Restate verbatim the span of lines below between the line with "p) \<le> \<kappa>" and the line with "K))\<^sup>2 * residual", including those two lines, and only that span.

■ ■ ■ ■

lemma residual_regular:
  assumes "R \<ge> 0"
  obtains \<kappa> where "\<kappa> > 0"
    and "\<And>x. x \<in> cball c R \<Longrightarrow> \<exists>p\<in>\<Inter>(fix_core ` {1..m}). (norm (x - p))\<^sup>2 \<le> \<kappa> * residual x"
proof -
  obtain K where "K \<ge> 0" and K: "\<And>i x. i \<in> {1..m} \<Longrightarrow> x \<in> cball c R \<Longrightarrow>
      \<exists>p\<in>fix_core i. norm (x - p) \<le> K * norm (x - T_op m U i x)"
    using T_op_regular[OF assms] by blast
  obtain \<kappa> where "\<kappa> \<ge> 0" and \<kappa>: "linearly_regular_on (fix_core ` {1..m}) (cball c R) \<kappa>"
    using fix_cores_regular by blast
  have "\<exists>p\<in>\<Inter>(fix_core ` {1..m}). (norm (x - p))\<^sup>2 \<le> ((\<kappa> * (real m + K))\<^sup>2 + 1) * residual x"
    if x: "x \<in> cball c R" for x
  proof -
    have "(real m + K) * sqrt (residual x) \<ge> 0"
      using \<open>K \<ge> 0\<close> residual_nonneg[of x] by simp
    then obtain p where "p \<in> \<Inter>(fix_core ` {1..m})"
      and p: "norm (x - p) \<le> \<kappa> * ((real m + K) * sqrt (residual x))"
      using linearly_regular_onD[OF \<kappa> x] fix_core_near[OF \<open>K \<ge> 0\<close> K x] by blast
    have "(norm (x - p))\<^sup>2 \<le> (\<kappa> * ((real m + K) * sqrt (residual x)))\<^sup>2"
      using p by (simp add: power_mono)
    also have "\<dots> = (\<kappa> * (real m + K))\<^sup>2 * residual x"
      using residual_nonneg[of x] by (simp add: power_mult_distrib)
    also have "\<dots> \<le> ((\<kappa> * (real m + K))\<^sup>2 + 1) * residual x"
      using residual_nonneg[of x] by (simp add: distrib_right)
    finally show ?thesis
      using \<open>p \<in> \<Inter>(fix_core ` {1..m})\<close> by blast
  qed
  moreover have "(\<kappa> * (real m + K))\<^sup>2 + 1 > 0"
    by (simp add: add_nonneg_pos)
  ultimately show thesis
    using that by blast
qed
text \<open>The bound 1/(2j) \<le> 1/2 < \<pi> keeps w/z off the branch cut of Arg.\<close>
lemma C1_ball_subset_arcV:
  assumes z: "z \<in> C1" and w: "w \<in> arcV j z" and j: "j \<ge> 1"
  obtains r where "r > 0" "C1 \<inter> ball w r \<subseteq> arcV j z"
proof -
  define \<theta> where "\<theta> = Arg (w / z)"
  have "w \<in> C1" and \<theta>: "\<bar>\<theta>\<bar> < 1 / (2 * real j)"
    using w by (auto simp: arcV_def \<theta>_def)
  have "1 / (2 * real j) \<le> 1 / 2"
    using j by (simp add: divide_simps)
  have "w / z \<noteq> 0"
    using \<open>w \<in> C1\<close> z by (auto simp: C1_iff)
  have "w / z \<notin> \<real>\<^sub>\<le>\<^sub>0"
  proof
    assume "w / z \<in> \<real>\<^sub>\<le>\<^sub>0"
    then have "Re (w / z) < 0 \<and> Im (w / z) = 0"
      using \<open>w / z \<noteq> 0\<close> complex_nonpos_Reals_iff
      by (metis complex_eq_iff order_le_less zero_complex.simps)
    then have "\<theta> = pi"
      using Arg_eq_pi \<theta>_def by blast
    with \<theta> \<open>1 / (2 * real j) \<le> 1 / 2\<close> pi_gt3 show False
      by linarith
  qed
  then have "isCont (\<lambda>v. Arg (v / z)) w"
    using z by (auto simp: C1_iff intro!: isCont_o2[OF _ continuous_at_Arg] continuous_intros)
  moreover have "1 / (2 * real j) - \<bar>\<theta>\<bar> > 0"
    using \<theta> by simp
  ultimately obtain r where "r > 0"
    and r: "\<And>v. dist v w < r \<Longrightarrow> dist (Arg (v / z)) \<theta> < 1 / (2 * real j) - \<bar>\<theta>\<bar>"
    unfolding continuous_at_eps_delta \<theta>_def by blast
  have "C1 \<inter> ball w r \<subseteq> arcV j z"
    using r by (fastforce simp: arcV_def dist_real_def dist_commute)
  with \<open>r > 0\<close> that show thesis by blast
qed

section \<open>The double circle topology\<close>

lemma openin_double_circle: "openin double_circle = dc_open"
  unfolding double_circle_def by (rule topology_inverse'[OF istopology_dc_open])

lemma nbhdU_subset_dcX: "nbhdU j z \<subseteq> dcX"
  using arcV_subset_C1 proj_in_C2 by (fastforce simp: nbhdU_def dcX_def)

lemma centre_in_nbhdU: "z \<in> C1 \<Longrightarrow> 1 \<le> j \<Longrightarrow> z \<in> nbhdU j z"
  by (simp add: nbhdU_def centre_in_arcV)

lemma topspace_double_circle: "topspace double_circle = dcX"
proof -
  have "dc_open dcX"
    using nbhdU_subset_dcX by (auto simp: dc_open_def dcX_def)
  then show ?thesis
    unfolding topspace_def openin_double_circle by (auto simp: dc_open_def)
qed

lemma openin_singleton_C2: "q \<in> C2 \<Longrightarrow> openin double_circle {q}"
  by (auto simp: openin_double_circle dc_open_def dcX_def)

lemma openin_nbhdU:
  assumes z: "z \<in> C1" and j: "j \<ge> 1"
  shows "openin double_circle (nbhdU j z)"
  unfolding openin_double_circle dc_open_def
proof (intro conjI ballI)
  show "nbhdU j z \<subseteq> dcX"
    by (rule nbhdU_subset_dcX)
next
  fix w assume w: "w \<in> nbhdU j z"
  show "(w \<in> C2 \<and> {w} \<subseteq> nbhdU j z) \<or> (w \<in> C1 \<and> (\<exists>k\<ge>1. nbhdU k w \<subseteq> nbhdU j z))"
  proof (cases "w \<in> arcV j z")
    case False
    then show ?thesis
      using w proj_in_C2 arcV_subset_C1 unfolding nbhdU_def by blast
  next
    case True
    then have "w \<in> C1"
      using arcV_subset_C1 by blast
    show ?thesis
    proof (cases "w = z")
      case False
      obtain r where "r > 0" and r: "C1 \<inter> ball w r \<subseteq> arcV j z"
        using C1_ball_subset_arcV[OF z True j] .
      then obtain k where "k \<ge> 1" and k: "arcV k w \<subseteq> ball w (min r (dist w z))"
        using arcV_subset_ball[OF \<open>w \<in> C1\<close>, of "min r (dist w z)"] False by auto
      have "ball w (min r (dist w z)) \<subseteq> ball w r" "z \<notin> ball w (min r (dist w z))"
        by auto
      then have "arcV k w \<subseteq> arcV j z" "z \<notin> arcV k w"
        using k r arcV_subset_C1[of k w] by blast+
      then have "nbhdU k w \<subseteq> nbhdU j z"
        unfolding nbhdU_def by blast
      then show ?thesis
        using \<open>w \<in> C1\<close> \<open>k \<ge> 1\<close> by blast
    qed (use j \<open>w \<in> C1\<close> in blast)
  qed
qed

lemma openin_dcX_minus_C2:
  assumes "q \<in> C2"
  shows "openin double_circle (dcX - {q})"
  unfolding openin_double_circle dc_open_def
proof (intro conjI ballI)
  fix w assume w: "w \<in> dcX - {q}"
  obtain z where "z \<in> C1" "q = proj z"
    using assms C2_eq_proj_image by blast
  show "(w \<in> C2 \<and> {w} \<subseteq> dcX - {q}) \<or> (w \<in> C1 \<and> (\<exists>k\<ge>1. nbhdU k w \<subseteq> dcX - {q}))"
  proof (cases "w \<in> C2")
    case False
    then have "w \<in> C1"
      using w by (auto simp: dcX_def)
    have "\<exists>k\<ge>1. z \<notin> arcV k w \<or> z = w"
    proof (cases "w = z")
      case False
      then obtain k where "k \<ge> 1" "arcV k w \<subseteq> ball w (dist w z)"
        using arcV_subset_ball[OF \<open>w \<in> C1\<close>, of "dist w z"] by auto
      then show ?thesis by auto
    qed auto
    then obtain k where "k \<ge> 1" "z \<notin> arcV k w \<or> z = w"
      by blast
    then have "q \<notin> nbhdU k w"
      using \<open>q = proj z\<close> assms arcV_subset_C1 C1_Int_C2 inj_proj
      unfolding nbhdU_def by (auto dest: injD)
    then show ?thesis
      using \<open>w \<in> C1\<close> \<open>k \<ge> 1\<close> nbhdU_subset_dcX by blast
  qed (use w in blast)
qed blast

lemma openin_double_circle_C1_ball:
  assumes "openin double_circle W" "z \<in> C1" "z \<in> W"
  obtains r where "r > 0" "C1 \<inter> ball z r \<subseteq> W" "proj ` (C1 \<inter> ball z r - {z}) \<subseteq> W"
proof -
  obtain j where "j \<ge> 1" "nbhdU j z \<subseteq> W"
    using assms C1_Int_C2 unfolding openin_double_circle dc_open_def by blast
  moreover obtain r where "r > 0" "C1 \<inter> ball z r \<subseteq> arcV j z"
    using C1_ball_subset_arcV[OF assms(2) centre_in_arcV[OF assms(2)]] \<open>j \<ge> 1\<close> by metis
  ultimately show thesis
    using that unfolding nbhdU_def by blast
qed

lemma continuous_map_C1_double_circle: "continuous_map (top_of_set C1) double_circle id"
  unfolding continuous_map_openin_preimage_eq
proof (intro conjI allI impI)
  show "id \<in> topspace (top_of_set C1) \<rightarrow> topspace double_circle"
    by (auto simp: topspace_double_circle dcX_def)
next
  fix W assume W: "openin double_circle W"
  show "openin (top_of_set C1) (topspace (top_of_set C1) \<inter> id -` W)"
    unfolding openin_euclidean_subtopology_iff
  proof (intro conjI ballI)
    fix z assume "z \<in> topspace (top_of_set C1) \<inter> id -` W"
    then have "z \<in> C1" "z \<in> W"
      by auto
    then obtain r where "r > 0" "C1 \<inter> ball z r \<subseteq> W"
      by (rule openin_double_circle_C1_ball[OF W])
    then show "\<exists>e>0. \<forall>x'\<in>C1. dist x' z < e \<longrightarrow> x' \<in> topspace (top_of_set C1) \<inter> id -` W"
      by (intro exI[of _ r]) (auto simp: dist_commute)
  qed auto
qed

lemma compactin_C1: "compactin double_circle C1"
proof -
  have "compactin (top_of_set C1) C1"
    using compact_C1 by (simp add: compactin_subtopology)
  from image_compactin[OF this continuous_map_C1_double_circle] show ?thesis
    by simp
qed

■ ■ ■ ■

- _Answer section_:
      and p: "norm (x - p) \<le> \<kappa> * ((real m + K) * sqrt (residual x))"
      using linearly_regular_onD[OF \<kappa> x] fix_core_near[OF \<open>K \<ge> 0\<close> K x] by blast
    have "(norm (x - p))\<^sup>2 \<le> (\<kappa> * ((real m + K) * sqrt (residual x)))\<^sup>2"
      using p by (simp add: power_mono)
    also have "\<dots> = (\<kappa> * (real m + K))\<^sup>2 * residual x"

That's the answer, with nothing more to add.